Microsoft and the OCR are currently experimenting with audification, adding sounds to the equation of visualization and data in hope of increasing their level of threat intelligence. Finn also demonstrated these botnet noises, which sounded like they could easily compose a science fiction or even horror film.

On an organizational level, Microsoft’s database of 70 million IP addresses is being leveraged in its Azure Active Directory Premium offering. Through a consul in the directory, IT administrators can track company log-ins and check them against that store of suspicious addresses.    

Finn also urged Convergence attendees to take advantage of the new cybercrime satellite offices Microsoft opened in Beijing, Berlin, Singapore, Tokyo and Washington, D.C. These join the Redmond, Wash., headquarters in offering cybersecurity information and assistance to organizations.
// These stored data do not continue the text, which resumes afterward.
lemma unoriented_broccoli_valence:
  assumes ub: "unoriented_broccoli r s \<Delta> C" and v: "v \<in> c_verts C"
  shows "valence r s \<Delta> C v = 3 + card {i\<in>{r+1..r+s}. c_mark C i = v}"
proof -
  have complex: "{i\<in>{r+1..r+s}. c_mark C i = v} = marks_at r s C v \<inter> {r+1..r+s}"
    by (auto simp: marks_at_def)
  from ub v consider
      i where "valence r s \<Delta> C v = 3" "i \<in> {1..r}" "c_mark C i = v"
    | "valence r s \<Delta> C v = 3" "marks_at r s C v = {}"
    | i where "valence r s \<Delta> C v = 4" "i \<in> {r+1..r+s}" "c_mark C i = v"
    unfolding unoriented_broccoli_def by blast
  then show ?thesis
  proof cases
    case (1 i)
    then show ?thesis unfolding complex using marks_at_eq_singleton[of i v] by auto
  next
    case 2
    then show ?thesis unfolding complex by simp
  next
    case (3 i)
    then show ?thesis unfolding complex using marks_at_eq_singleton[of i v] by auto
  qed
qed

lemma unoriented_broccoli_card_edges:
  assumes ub: "unoriented_broccoli r s \<Delta> C" and dim: "r + 2 * s + card F + 1 = length \<Delta>"
  shows "card (c_edges C) + 2 = 2 * (r + s) + card F"
proof -
  have "(\<Sum>v\<in>c_verts C. card {i\<in>{r+1..r+s}. c_mark C i = v}) = card {i\<in>{r+1..r+s}. c_mark C i \<in> c_verts C}"
    by (rule sum_card_fibres) (auto simp: finV)
  also have "{i\<in>{r+1..r+s}. c_mark C i \<in> c_verts C} = {r+1..r+s}" using mark_in_verts by auto
  finally have "(\<Sum>v\<in>c_verts C. valence r s \<Delta> C v) = 3 * card (c_verts C) + s"
    using unoriented_broccoli_valence[OF ub] by (simp add: sum.distrib)
  then show ?thesis using sum_valence cardVE dim by presburger
qed

text \<open>The dimension count leaves no room for contracted edges.\<close>
lemma non_contracted_if_card_edges:
  assumes "card (c_edges C) + 2 = 2 * (r + s) + card F"
  shows "\<forall>f\<in>c_edges C. c_dir C f \<noteq> 0"
proof -
  have "{f\<in>c_edges C. c_dir C f \<noteq> 0} = c_edges C"
    using card_non_contracted_edges_ge assms finE by (intro card_seteq) auto
  then show ?thesis by blast
qed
Organizations can protect themselves today by starting with basic computer hygiene, Finn explained. Everyone should be working on updated software with updated security controls, he advised, with employees trained on those protocols. Additionally, organizations need to have a plan ready in the case of a crisis, should think about going to the cloud, and need to maintain a high level of awareness.

As dire as these threats remain, Finn did highlight the big strides made by both Microsoft and the government in greater cybercrime awareness and intelligence.

The fact that, at the recent White House Summit on Cybersecurity and Consumer Protection, President Obama even used the word “botnet” in his speech was deemed “significant” by Finn.